「求める理想は実現する」その84
価格連動のオペレーションを
Press release
  2008.02.16/観光経済新聞

 鉄則3は、自館の棲み分けをすること。
これは、自館の経営が成り立つように価格セグメントをしながら、集客アップへのアピールといえる いわばGOPを確実に確保できる経営状況をつくりあげることであり、仮に6,000〜7,000円でも薄利多売で稼働率を高めることで、GOP確保の道がある。
各温泉地の現状をみると、価格の高い旅館が集客力の強化を狙って価格を落としてくる。そうなると、従来その価格帯だった旅館は、それよりも低い価格に引き下げなくてはならなくない。そこで、自館のグレードを見直す必要が出てくるわけだ。
だが、単に価格を低い方にスライドさせれば済むという問題ではない。例えば、15,000〜10,000円を中心に25,000〜8,000円の価格帯で営業している旅館を模式化してみよう(下図=数値は理論値)。価格帯を3つに大別して平均値でGOP(黒い部分)を想定してみると、最善でも10%程度にしかならない(図左側)。したがって、各価格帯をそのまま引き下げれば、経営はさらに悪化する。

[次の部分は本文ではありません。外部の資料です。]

lemma joined_by_path_induct [consumes 1, case_names base step]:
  assumes path: "joined_by_path Vs Adj x y"
    and P_base: "P x"
    and P_step: "\<And>y z. joined_by_path Vs Adj x y \<Longrightarrow> z \<in> Vs \<Longrightarrow> Adj y z \<Longrightarrow> P y \<Longrightarrow> P z"
  shows "P y"
proof -
  have x: "x \<in> Vs" using path unfolding joined_by_path_def by simp
  have "(x, y) \<in> {(a, b). a \<in> Vs \<and> b \<in> Vs \<and> Adj a b}\<^sup>*"
    using path unfolding joined_by_path_def by simp
  then have "joined_by_path Vs Adj x y \<and> P y"
  proof (induction rule: rtrancl_induct)
    case base
    show ?case using x P_base by (simp add: joined_by_path_refl)
  next
    case (step y z)
    then have "joined_by_path Vs Adj x z" "z \<in> Vs" "Adj y z"
      using joined_by_path_snoc by auto
    then show ?case using step.IH P_step by blast
  qed
  then show ?thesis by blast
qed

lemma joined_by_path_simulate:
  assumes path: "joined_by_path Vs Adj x y"
    and edges: "\<And>a b. a \<in> Vs \<Longrightarrow> b \<in> Vs \<Longrightarrow> Adj a b \<Longrightarrow> joined_by_path Ws Adj' a b"
    and sub: "Vs \<subseteq> Ws"
  shows "joined_by_path Ws Adj' x y"
  using path
proof (induction rule: joined_by_path_induct)
  case base
  then show ?case using path sub by (auto simp: joined_by_path_def)
next
  case (step y z)
  then have "y \<in> Vs" by (simp add: joined_by_path_def)
  with step show ?case using edges joined_by_path_trans by metis
qed

lemma dominating_set_finite: "finite V \<Longrightarrow> dominating_set V E S \<Longrightarrow> finite S"
  unfolding dominating_set_def by (blast intro: finite_subset)

lemma dominating_set_superset:
  "dominating_set V E S \<Longrightarrow> S \<subseteq> T \<Longrightarrow> T \<subseteq> V \<Longrightarrow> dominating_set V E T"
  unfolding dominating_set_def by blast

lemma Dk_adj_cases:
  assumes "Dk_adj D D'"
  obtains v where "v \<notin> D" "D' = insert v D" | v where "v \<in> D" "D' = D - {v}"
proof -
  from assms obtain v where v: "(D - D') \<union> (D' - D) = {v}" unfolding Dk_adj_def by blast
  have "D' = (if v \<in> D then D - {v} else insert v D)"
  proof (rule set_eqI)
    fix x
    have "x \<in> D - D' \<or> x \<in> D' - D \<longleftrightarrow> x = v" using v by blast
    then show "x \<in> D' \<longleftrightarrow> x \<in> (if v \<in> D then D - {v} else insert v D)"
      by (cases "v \<in> D") auto
  qed
  then show ?thesis using that by (cases "v \<in> D") auto
qed

lemma Dk_adj_insert: "v \<notin> D \<Longrightarrow> Dk_adj D (insert v D)"
  unfolding Dk_adj_def by blast

lemma Dk_adj_exchange: "t \<notin> S \<Longrightarrow> s \<in> S \<Longrightarrow> Dk_adj (insert t S) (insert t (S - {s}))"
  unfolding Dk_adj_def by (rule exI[of _ s]) auto

lemma Xk_adj_exchange:
  assumes "Xk_adj S T" "finite S" "card S = card T"
  obtains s t where "s \<in> S" "t \<notin> S" "T = insert t (S - {s})"
proof -
  from assms(1) obtain s t where st: "s \<in> S" "S \<noteq> T" "T = insert t (S - {s})"
    unfolding Xk_adj_def by auto
  have "t \<notin> S"
  proof
    assume "t \<in> S"
    then have "T \<subseteq> S" using st by blast
    then show False using st assms(2,3) card_subset_eq by metis
  qed
  with st show ?thesis using that by blast
qed

section \<open>Paths in X_k(G) give paths in D_{k+1}(G)\<close>

lemma Xk_step_in_Dk:
  assumes "finite V" "S \<in> Xk_verts V E k" "T \<in> Xk_verts V E k" "Xk_adj S T"
  shows "joined_by_path (Dk_verts V E (k + 1)) Dk_adj S T"
proof -
  have S: "dominating_set V E S" "card S = k" and T: "dominating_set V E T" "card T = k"
    using assms(2,3) unfolding Xk_verts_def by auto
  have finS: "finite S" using dominating_set_finite assms(1) S(1) .
  obtain s t where st: "s \<in> S" "t \<notin> S" "T = insert t (S - {s})"
    using Xk_adj_exchange[OF assms(4) finS] S(2) T(2) by metis
  have "insert t S \<subseteq> V" using S(1) T(1) st(3) unfolding dominating_set_def by blast
  then have "insert t S \<in> Dk_verts V E (k + 1)"
    using dominating_set_superset[OF S(1)] finS st(2) S(2) unfolding Dk_verts_def by auto
  moreover have "S \<in> Dk_verts V E (k + 1)" "T \<in> Dk_verts V E (k + 1)"
    using S T unfolding Dk_verts_def by auto
  ultimately have "joined_by_path (Dk_verts V E (k + 1)) Dk_adj S (insert t S)"
    using Dk_adj_insert[OF st(2)] joined_by_path_refl joined_by_path_snoc by metis
  then show ?thesis
    using Dk_adj_exchange[OF st(2,1)] st(3) \<open>T \<in> Dk_verts V E (k + 1)\<close>
    by (simp add: joined_by_path_snoc)
qed

section \<open>Paths in D_{k+1}(G) give paths in X_k(G)\<close>

definition comparable :: "'a set \<Rightarrow> 'a set \<Rightarrow> bool" where
  "comparable S T \<longleftrightarrow> S \<subseteq> T \<or> T \<subseteq> S"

ところが、オペレーションを再構築して料理原価や接遇サービスなどの内容を変更することで、GOPは一気に改善される(図右側)。
ただし、オペレーションの変更によって、従来はわずかだが存在していた20,000円前後の価格帯との棲み分けをしなければならない。25,000円と8,000円では、オペレーションは当然ながら異なる。それらを混在させるとオペレーションが複雑になるだけでなく、高額客で得た利益を低額客に補填する「貢ぎの構造」になってしまうからだ。

こうした荒療治にも近いオペレーションの変更は、言葉を換えれば旅館のグレーにもかかわってくる。その選択は、辛く厳しいものであるのは間違いない。そこで多くの場合、従前の価格セグメントに固執したオペレーションから抜け出せないまま、単価だけを下げてしまう。そうした場合、高品質を掲げてきた旅館では厳しい結果を招いてしまう。例えば、価格に見合った部屋食をセールスポイントにしてきた旅館は、従前のスタイルを維持するために料理原価を下げ、料理出しの回数を減らすなどでGOPをかろうじて確保できるとソロバンを弾く。しかし、評判はおのずと下がってくる。結果として価格と品質の低下スパイラルに落ち込んでしまう。価格を下げることは、そうした諸刃の剣でもある。

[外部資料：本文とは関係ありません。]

lemma label_cylinder:
  assumes "finite J"
  shows "{\<omega>. \<forall>x\<in>J. fst \<omega> x = v x} \<in> sets (decoupled_space \<alpha> \<beta>)"
    and "measure (decoupled_space \<alpha> \<beta>) {\<omega>. \<forall>x\<in>J. fst \<omega> x = v x} = (\<Prod>x\<in>J. pmf (bernoulli_pmf \<alpha>) (v x))"
proof -
  let ?A = "PiM UNIV (\<lambda>_::nat \<times> nat. measure_pmf (bernoulli_pmf \<alpha>))"
  let ?N = "PiM UNIV (\<lambda>_::nat \<times> nat. measure_pmf (bernoulli_pmf \<beta>))
    \<Otimes>\<^sub>M PiM UNIV (\<lambda>_::nat. measure_pmf (pmf_of_set (UNIV :: bool set)))"
  have N: "prob_space ?N"
    by (intro prob_space_pair; intro prob_space_PiM measure_pmf.prob_space_axioms)
  have eq: "{\<omega> :: dp_omega. \<forall>x\<in>J. fst \<omega> x = v x} = {f. \<forall>x\<in>J. f x = v x} \<times> space ?N"
    unfolding space_pair_measure space_PiM_pmf UNIV_Times_UNIV by (rule set_eqI) (simp add: mem_Times_iff)
  have cyl: "{f. \<forall>x\<in>J. f x = v x} \<in> sets ?A"
    by (rule PiM_pmf_cylinder(1)[OF assms])
  show "{\<omega>. \<forall>x\<in>J. fst \<omega> x = v x} \<in> sets (decoupled_space \<alpha> \<beta>)"
    unfolding eq decoupled_space_def by (rule pair_measureI[OF cyl sets.top])
  show "measure (decoupled_space \<alpha> \<beta>) {\<omega>. \<forall>x\<in>J. fst \<omega> x = v x} = (\<Prod>x\<in>J. pmf (bernoulli_pmf \<alpha>) (v x))"
    unfolding eq decoupled_space_def
    by (simp only: measure_pair_measure_Times_space[OF N cyl] PiM_pmf_cylinder(2)[OF assms])
qed

lemma copy_cylinder:
  assumes "finite J"
  shows "{\<omega>. \<forall>x\<in>J. fst (snd \<omega>) x = v x} \<in> sets (decoupled_space \<alpha> \<beta>)"
    and "measure (decoupled_space \<alpha> \<beta>) {\<omega>. \<forall>x\<in>J. fst (snd \<omega>) x = v x}
           = (\<Prod>x\<in>J. pmf (bernoulli_pmf \<beta>) (v x))"
proof -
  let ?A = "PiM UNIV (\<lambda>_::nat \<times> nat. measure_pmf (bernoulli_pmf \<alpha>))"
  let ?B = "PiM UNIV (\<lambda>_::nat \<times> nat. measure_pmf (bernoulli_pmf \<beta>))"
  let ?Z = "PiM UNIV (\<lambda>_::nat. measure_pmf (pmf_of_set (UNIV :: bool set)))"
  have A: "prob_space ?A" and Z: "prob_space ?Z"
    by (intro prob_space_PiM measure_pmf.prob_space_axioms)+
  have BZ: "sigma_finite_measure (?B \<Otimes>\<^sub>M ?Z)"
    by (intro prob_space_imp_sigma_finite prob_space_pair; intro prob_space_PiM measure_pmf.prob_space_axioms)
  have cyl: "{f. \<forall>x\<in>J. f x = v x} \<in> sets ?B"
    by (rule PiM_pmf_cylinder(1)[OF assms])
  have cylZ: "{f. \<forall>x\<in>J. f x = v x} \<times> space ?Z \<in> sets (?B \<Otimes>\<^sub>M ?Z)"
    by (rule pair_measureI[OF cyl sets.top])
  have eq: "{\<omega> :: dp_omega. \<forall>x\<in>J. fst (snd \<omega>) x = v x} = space ?A \<times> ({f. \<forall>x\<in>J. f x = v x} \<times> space ?Z)"
    unfolding space_PiM_pmf by (rule set_eqI) (simp add: mem_Times_iff)
  show "{\<omega>. \<forall>x\<in>J. fst (snd \<omega>) x = v x} \<in> sets (decoupled_space \<alpha> \<beta>)"
    unfolding eq decoupled_space_def by (rule pair_measureI[OF sets.top cylZ])
  show "measure (decoupled_space \<alpha> \<beta>) {\<omega>. \<forall>x\<in>J. fst (snd \<omega>) x = v x}
           = (\<Prod>x\<in>J. pmf (bernoulli_pmf \<beta>) (v x))"
    unfolding eq decoupled_space_def
    by (simp only: measure_pair_measure_space_Times[OF A BZ cylZ] measure_pair_measure_Times_space[OF Z cyl]
        PiM_pmf_cylinder(2)[OF assms])
qed

lemma sets_decoupled_space_finitely_determined:
  assumes "finite F"
    and determined: "\<And>\<omega> \<omega>'. \<forall>x\<in>F. fst \<omega> x = fst \<omega>' x \<and> fst (snd \<omega>) x = fst (snd \<omega>') x \<Longrightarrow>
      \<omega> \<in> X \<Longrightarrow> \<omega>' \<in> X"
  shows "X \<in> sets (decoupled_space \<alpha> \<beta>)"
proof -
  define cyl where "cyl = (\<lambda>(a, b). {\<omega> :: dp_omega. \<forall>x\<in>F. fst \<omega> x = a x} \<inter> {\<omega>. \<forall>x\<in>F. fst (snd \<omega>) x = b x})"
  define trace where "trace = (\<lambda>\<omega> :: dp_omega. (restrict (fst \<omega>) F, restrict (fst (snd \<omega>)) F))"
  have "\<omega> \<in> cyl (trace \<omega>)" for \<omega>
    by (simp add: cyl_def trace_def)
  moreover have "\<omega>' \<in> X" if "\<omega> \<in> X" "\<omega>' \<in> cyl (trace \<omega>)" for \<omega> \<omega>'
    using that determined[of \<omega> \<omega>'] by (simp add: cyl_def trace_def)
  ultimately have X: "X = \<Union> (cyl ` trace ` X)"
    by blast
  have "trace ` X \<subseteq> PiE F (\<lambda>_. UNIV) \<times> PiE F (\<lambda>_. UNIV)"
    by (auto simp: trace_def)
  then have "finite (trace ` X)"
    by (rule finite_subset) (intro finite_cartesian_product finite_PiE assms(1); simp)
  moreover have "cyl p \<in> sets (decoupled_space \<alpha> \<beta>)" for p
    unfolding cyl_def case_prod_beta using label_cylinder(1)[OF assms(1)] copy_cylinder(1)[OF assms(1)]
    by (rule sets.Int)
  ultimately show ?thesis
    by (subst X) (intro sets.finite_Union; auto)
qed

section \<open>Concentration of the lazy walk\<close>

lemma replicate_pmf_Suc_conv_pair_pmf:
  "replicate_pmf (Suc n) q = map_pmf (\<lambda>(x, xs). x # xs) (pair_pmf q (replicate_pmf n q))"
  by (simp add: pair_pmf_def map_bind_pmf bind_assoc_pmf bind_return_pmf)

lemma pmf_replicate_pmf: "pmf (replicate_pmf (length xs) q) xs = (\<Prod>j<length xs. pmf q (xs ! j))"
proof (induction xs)
  case (Cons x xs)
  have "inj (\<lambda>(x, xs). x # xs :: 'a list)"
    by (auto intro: injI)
  then have "pmf (replicate_pmf (length (x # xs)) q) (x # xs) = pmf (pair_pmf q (replicate_pmf (length xs) q)) (x, xs)"
    unfolding length_Cons replicate_pmf_Suc_conv_pair_pmf by (metis (no_types) case_prod_conv pmf_map_inj')
  moreover have "(\<Prod>j<length (x # xs). pmf q ((x # xs) ! j)) = pmf q x * (\<Prod>j<length xs. pmf q (xs ! j))"
    by (simp only: length_Cons prod.lessThan_Suc_shift nth_Cons_0 nth_Cons_Suc)
  ultimately show ?case
    using Cons by (simp add: pmf_pair)
qed simp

 余談だが、徹底した低価格路線を貫く旅館をみると、食事などは給食センターにアウトソーシングしている。日々に必要な量は、決して一定でない。社内で調理をすれば、宿泊客が少ない日でも人件費は一定のものがかかっている。また、食の安全が叫ばれて食への関心が高まっている今日では、大量仕入で単価を下げても、消費期限などの関係で原材料のロスが生じるケースもあり得る。そうした場合、必要な量だけをアウトソーシングでまかなうオペレーションは、低価格をターゲットにした経営で理に叶っており、低価格であっても確実にGOPを確保できる証左といえる。
要は、GOPを常に意識して料理・サービスなどコストの一つひとつを見極ることだ。その場合、従来の経験則や勘では成り立たない。提供するサービスグレードを基に妥当性の根拠となる価格設定の「標準ガイドライン」、あるいは設定した価格が適正なGOPを確保しているかを解析する「旅館ユニフォームシステム」(当社「GOP名人」など)といった経営ツールが欠かせない。